__TASK ITEM__
Every line containing "also" should be identified and copied from the data below.

══ DATA FOR PROCESSING

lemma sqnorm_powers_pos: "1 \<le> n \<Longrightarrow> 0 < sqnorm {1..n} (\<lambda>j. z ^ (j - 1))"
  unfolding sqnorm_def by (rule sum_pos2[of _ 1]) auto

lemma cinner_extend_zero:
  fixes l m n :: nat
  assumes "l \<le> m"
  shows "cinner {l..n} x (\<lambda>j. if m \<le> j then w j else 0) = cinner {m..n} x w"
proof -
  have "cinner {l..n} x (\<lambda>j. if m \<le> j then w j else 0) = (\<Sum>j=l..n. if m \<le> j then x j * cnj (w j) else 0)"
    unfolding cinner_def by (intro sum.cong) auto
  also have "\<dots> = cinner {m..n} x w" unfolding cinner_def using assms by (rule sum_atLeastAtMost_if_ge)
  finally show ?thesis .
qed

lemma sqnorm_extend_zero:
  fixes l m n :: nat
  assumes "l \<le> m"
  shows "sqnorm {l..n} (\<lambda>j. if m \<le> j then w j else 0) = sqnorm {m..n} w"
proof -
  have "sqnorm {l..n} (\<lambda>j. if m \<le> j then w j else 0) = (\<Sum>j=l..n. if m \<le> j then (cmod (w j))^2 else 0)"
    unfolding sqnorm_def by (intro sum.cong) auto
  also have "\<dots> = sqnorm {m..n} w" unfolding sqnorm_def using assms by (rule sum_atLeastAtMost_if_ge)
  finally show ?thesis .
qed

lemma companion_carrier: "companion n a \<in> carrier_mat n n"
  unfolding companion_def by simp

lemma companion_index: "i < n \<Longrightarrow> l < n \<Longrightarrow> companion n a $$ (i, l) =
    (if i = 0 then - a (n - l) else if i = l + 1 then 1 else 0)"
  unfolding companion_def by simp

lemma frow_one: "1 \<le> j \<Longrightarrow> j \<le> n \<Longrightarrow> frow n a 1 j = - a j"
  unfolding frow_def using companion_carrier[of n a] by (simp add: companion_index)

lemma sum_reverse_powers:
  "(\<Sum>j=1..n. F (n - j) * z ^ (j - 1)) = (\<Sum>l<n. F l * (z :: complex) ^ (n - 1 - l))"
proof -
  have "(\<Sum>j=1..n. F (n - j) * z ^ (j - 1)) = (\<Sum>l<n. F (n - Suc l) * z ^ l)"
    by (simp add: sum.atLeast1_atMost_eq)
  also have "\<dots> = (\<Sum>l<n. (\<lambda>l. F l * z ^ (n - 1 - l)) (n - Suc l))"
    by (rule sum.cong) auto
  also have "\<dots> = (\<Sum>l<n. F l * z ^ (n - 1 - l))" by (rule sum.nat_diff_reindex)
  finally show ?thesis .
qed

════

__OUTPUT OF THE EXERCISE__
  also have "\<dots> = cinner {m..n} x w" unfolding cinner_def using assms by (rule sum_atLeastAtMost_if_ge)
  also have "\<dots> = sqnorm {m..n} w" unfolding sqnorm_def using assms by (rule sum_atLeastAtMost_if_ge)
  also have "\<dots> = (\<Sum>l<n. (\<lambda>l. F l * z ^ (n - 1 - l)) (n - Suc l))"
  also have "\<dots> = (\<Sum>l<n. F l * z ^ (n - 1 - l))" by (rule sum.nat_diff_reindex)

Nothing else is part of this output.